Spark RDDs Performance Tuning – Resource Planning

Introduction

Tuning spark jobs can dramatically increase the performance and help squeeze more from the resources at hand. This post is a high-level overview of how to tune spark jobs and talks about various tools which are at your disposal. Performance tuning may be black magic to some but to most engineers, it would be

  • How many resources are provided
  • How best are the provided resources used
  • How you write your code

Before you can tune a Spark job it is important to identify where are the potential performance bottlenecks.

  • Resources – Memory, CPU Cores and Executors
  • Partitioning & Parallelism
  • Long-running straggling tasks
  • Caching

To help with the above areas Spark provides(and has access to) some tools which can be used for tuning

  • Resource Manager UI(For example – YARN)
  • Spark Web UI & History Server
  • Tungsten & Catalyst Optimizers
  • Explain Plan

For the purpose of this post, a pre-cleaned dataset from Los Angeles Parking Citations available on kaggle website. It is about 2.6 GB which should allow us to run our tests. The test would consist of queries which we execute on the dataset to get some answers. The code is written in Scala and tested to run on AWS EMR cluster.

The resource tuning is done in a few steps and there is no magic 😉

  • Step 1 – Modify /etc/spark/conf/spark-defaults.conf
    • Set spark.dynamicallocation.enabled to false
    • Set spark.executor.instances to 1
    • Set spark.executor.memory 1gb
    • Set spark.executor.cores to 1
  • Step 2 – Inspect the configuration of the cluster
    • Identify resources available to Resource Manager – YARN for the purpose of this blog entry
      • Total CPU cores available
      • Total Memory available
      • Max/Min number of CPU cores available to YARN
      • Max/Min memory available to YARN
      • Identify YARN memory overhead
  • Step 3 – Run the spark application on using minimal configuration settings to get a baseline which can be used to tune the resource.
  • Step 4 – Create resource plans with the following parameters to be passed during runtime.
    • spark.executor.instances
    • spark.executor.memory
    • spark.executor.cores
  • Step 5 – Run your application with various resource plans and record the outcome
  • Step 6 – Select the most optimal mix of resources and run time.

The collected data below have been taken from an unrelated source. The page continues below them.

lemma dmult_dmetric_dmetric:
  "dmult (dmetric n a) (dmetric n b) = dscale (of_nat ((a + b) choose a)) (dmetric n (a + b))"
proof (intro ext)
  fix K L
  show "dmult (dmetric n a) (dmetric n b) K L = dscale (of_nat ((a + b) choose a)) (dmetric n (a + b)) K L"
  proof (cases "finite K \<and> finite L")
    case False
    then show ?thesis
      by (auto simp: dmult_infinite dscale_def dmetric_def finite_subset)
  next
    case fin: True
    let ?S = "{I. I \<subseteq> K \<inter> L \<inter> {..<n} \<and> card I = a}"
    let ?P = "K = L \<and> K \<subseteq> {..<n} \<and> card K = a + b"
    have summand: "wsign I (K - I) * wsign I (L - I) * dmetric n b (K - I) (L - I) = (if ?P then 1 else 0)"
      if "I \<in> ?S" for I
    proof -
      have "finite I" "I \<subseteq> K" "I \<subseteq> L" "I \<subseteq> {..<n}" "card I = a"
        using that fin by (auto intro: finite_subset)
      then have "(K - I = L - I \<and> K - I \<subseteq> {..<n} \<and> card (K - I) = b) \<longleftrightarrow> ?P"
        using fin by (auto simp: card_Diff_subset dest: card_mono[of K I])
      then show ?thesis
        by (simp add: dmetric_def wsign_square)
    qed
    have card_S: "card ?S = (a + b) choose a" if ?P
    proof -
      have "?S = {I. I \<subseteq> K \<and> card I = a}"
        using that by auto
      then show ?thesis
        using that fin by (auto simp: n_subsets)
    qed
    have "dmult (dmetric n a) (dmetric n b) K L = (\<Sum>I\<in>?S. if ?P then 1 else 0)"
      using fin by (simp only: dmult_dmetric_left) (rule sum.cong[OF refl summand])
    also have "\<dots> = (if ?P then of_nat ((a + b) choose a) else 0)"
    proof (cases ?P)
      case True
      show ?thesis
        unfolding if_P[OF True] real_of_card[symmetric] card_S[OF True] ..
    next
      case False
      show ?thesis
        unfolding if_not_P[OF False] by simp
    qed
    finally show ?thesis
      by (auto simp: dscale_def dmetric_def)
  qed
qed

lemma dpow_metric: "dpow (metric n) k = dscale (fact k) (dmetric n k)"
proof (induction k)
  case 0
  show ?case
    by (simp add: dunit_eq_dmetric dscale_def)
next
  case (Suc k)
  then show ?case
    by (simp add: metric_eq_dmetric dmult_dscale_right dmult_dmetric_dmetric dscale_dscale algebra_simps)
qed

lemma dmult_dbasis_right:
  assumes "finite P" "finite Q"
  shows "dmult \<psi> (dbasis K L) P Q = (if K \<subseteq> P \<and> L \<subseteq> Q
           then wsign (P - K) K * wsign (Q - L) L * \<psi> (P - K) (Q - L) else 0)"
proof -
  have inner: "(\<Sum>J\<in>Pow Q. wsign I (P - I) * wsign J (Q - J) * \<psi> I J * dbasis K L (P - I) (Q - J))
      = (if L \<subseteq> Q then wsign I (P - I) * wsign (Q - L) L * \<psi> I (Q - L) * dbasis K L (P - I) L else 0)"
    for I
  proof -
    have "J = Q - L" if "J \<subseteq> Q" "Q - J = L" for J
      using that by blast
    then show ?thesis
      using assms by (subst sum_eq_single[where a = "Q - L"]) (auto simp: dbasis_def Diff_Diff_Int Int_absorb1)
  qed
  have "I = P - K" if "I \<subseteq> P" "P - I = K" for I
    using that by blast
  then show ?thesis
    unfolding dmult_def inner
    using assms by (subst sum_eq_single[where a = "P - K"]) (auto simp: dbasis_def Diff_Diff_Int Int_absorb1)
qed

lemma dinner_dmetric: "dinner n (dmetric n q) w = (\<Sum>A | A \<subseteq> {..<n} \<and> card A = q. w A A)"
proof -
  have "dinner n (dmetric n q) w = (\<Sum>A\<in>Pow {..<n}. if card A = q then w A A else 0)"
    unfolding dinner_def
    by (intro sum.cong refl, subst sum_eq_single[where a = A for A]) (auto simp: dmetric_def)
  also have "\<dots> = (\<Sum>A | A \<subseteq> {..<n} \<and> card A = q. w A A)"
    by (simp add: sum.inter_filter[symmetric])
  finally show ?thesis .
qed

lemma dinterior_dmetric:
  assumes "K \<subseteq> {..<n}" "L \<subseteq> {..<n}"
  shows "dinterior n \<psi> (dmetric n q) K L = (\<Sum>A | A \<subseteq> {..<n} \<and> K \<union> L \<subseteq> A \<and> card A = q.
           wsign (A - K) K * wsign (A - L) L * \<psi> (A - K) (A - L))"
proof -
  have "dinterior n \<psi> (dmetric n q) K L = (\<Sum>A | A \<subseteq> {..<n} \<and> card A = q.
      if K \<union> L \<subseteq> A then wsign (A - K) K * wsign (A - L) L * \<psi> (A - K) (A - L) else 0)"
    using assms unfolding dinterior_def dinner_dmetric if_P[OF conjI[OF assms]]
    by (intro sum.cong refl) (simp add: dmult_dbasis_right finite_subset[of _ "{..<n}"])
  also have "\<dots> = (\<Sum>A | A \<subseteq> {..<n} \<and> K \<union> L \<subseteq> A \<and> card A = q.
      wsign (A - K) K * wsign (A - L) L * \<psi> (A - K) (A - L))"
    by (simp add: sum.inter_filter[symmetric] conj_ac)
  finally show ?thesis .
qed

lemma neg_one_power_even_abs:
  fixes k m :: int
  assumes "even k"
  shows "(-1::real) ^ nat \<bar>k * m\<bar> = 1"
proof -
  have "even (nat \<bar>k * m\<bar>)"
    using assms by (simp add: even_nat_iff)
  then show ?thesis
    by simp
qed

text \<open>Complementation \<open>I \<mapsto> N - I\<close> matches the terms of both sides; the Hodge sign is \<open>1\<close>
  because only pairs \<open>(K, L)\<close> with \<open>card K = card L\<close> contribute.\<close>
theorem dstar_dmult_dmetric:
  assumes "q \<le> n" "pure_bidegree p p \<psi>"
  shows "dstar n (dmult (dmetric n (n - q)) \<psi>) = dinterior n \<psi> (dmetric n q)"
proof (intro ext)
  fix K L
  let ?N = "{..<n}"
  show "dstar n (dmult (dmetric n (n - q)) \<psi>) K L = dinterior n \<psi> (dmetric n q) K L"
  proof (cases "K \<subseteq> ?N \<and> L \<subseteq> ?N")
    case False
    then show ?thesis
      by (auto simp: dstar_def dinterior_def)
  next
    case True
    then have KL: "K \<subseteq> ?N" "L \<subseteq> ?N"
      by auto
    define c where "c = int (card (?N - K) + card (?N - L))"
    define s :: real where "s = (-1) ^ nat \<bar>c * (int n - c)\<bar>"
    let ?S = "{I. I \<subseteq> (?N - K) \<inter> (?N - L) \<inter> ?N \<and> card I = n - q}"
    let ?T = "{A. A \<subseteq> ?N \<and> K \<union> L \<subseteq> A \<and> card A = q}"
    let ?g = "\<lambda>I. s * wsign K (?N - K) * wsign L (?N - L)
        * (wsign I (?N - K - I) * wsign I (?N - L - I) * \<psi> (?N - K - I) (?N - L - I))"
    let ?h = "\<lambda>A. wsign (A - K) K * wsign (A - L) L * \<psi> (A - K) (A - L)"
    have summand: "?g I = ?h (?N - I)" if "I \<subseteq> (?N - K) \<inter> (?N - L)" for I
    proof -
      have diff: "?N - I - K = ?N - K - I" "?N - I - L = ?N - L - I"
        by blast+
      show ?thesis
      proof (cases "\<psi> (?N - K - I) (?N - L - I) = 0")
        case True
        then show ?thesis
          by (simp add: diff)
      next
        case False
        then have "card (?N - K - I) = card (?N - L - I)"
          using assms(2) by (simp add: pure_bidegree_def)
        moreover have "card (?N - M) = card (?N - M - I) + card I" if "I \<subseteq> ?N - M" for M
          using that by (metis card_Diff_subset card_mono finite_Diff finite_lessThan
              finite_subset le_add_diff_inverse2)
        ultimately have "card (?N - K) = card (?N - L)"
          using that by auto
        then have "s = 1"
          by (simp add: s_def c_def neg_one_power_even_abs)
        have "card K \<le> n" "card L \<le> n"
          using KL card_mono[OF finite_lessThan] by fastforce+
        with \<open>card (?N - K) = card (?N - L)\<close> have "card K = card L"
          using KL by (simp add: card_Diff_subset finite_subset)
        then show ?thesis
          using wsign_dual_term[of ?N K L I] KL that \<open>s = 1\<close> by (simp add: diff)
      qed
    qed
    have "dstar n (dmult (dmetric n (n - q)) \<psi>) K L = (\<Sum>I\<in>?S. ?g I)"
      using KL by (simp add: dstar_def Let_def s_def c_def dmult_dmetric_left sum_distrib_left)
    also have "\<dots> = (\<Sum>A\<in>?T. ?h A)"
    proof (rule sum.reindex_bij_witness[where i = "\<lambda>A. ?N - A" and j = "\<lambda>I. ?N - I"])
      fix I assume "I \<in> ?S"
      then show "?N - (?N - I) = I" "?N - I \<in> ?T" "?h (?N - I) = ?g I"
        using assms(1) KL summand by (auto simp: card_Diff_subset finite_subset)
    next
      fix A assume "A \<in> ?T"
      then show "?N - (?N - A) = A" "?N - A \<in> ?S"
        by (auto simp: card_Diff_subset finite_subset)
    qed
    also have "\<dots> = dinterior n \<psi> (dmetric n q) K L"
      using KL by (simp add: dinterior_dmetric)
    finally show ?thesis .
  qed
qed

In addition to just tuning the resources for a Spark application, there are other activities which can be done and are discussed in subsequent posts

  • Tuning Caching & JVMs
  • Tuning Spark application
  • Tuning Shuffles and Paritioning

A similar process can be applied to Spark Datasets and Spark SQL. As we go thru this process I will try to compare the same queries using different Spark API.

This is the first of the blogs on Spark performance tuning and focuses just on Spark and YARN resources but subsequent entries talk about how we can build on top of this.

We will start with using the RDDs and move to Spark DataSets and finally using applying Spark SQL. Each of these API has a different performance on the same dataset. Hence, need to be tunned slightly differently from the others. Also just to make things interesting, not all tools are available to all the API.

Modify spark-defaults.conf

Make the changes to the spark-defaults.conf. My config file looks like this

spark.dynamicallocation.enabled false
spark.executor.instances 1
spark.executor.cores 1

These allow a program to run with minimal default resource settings.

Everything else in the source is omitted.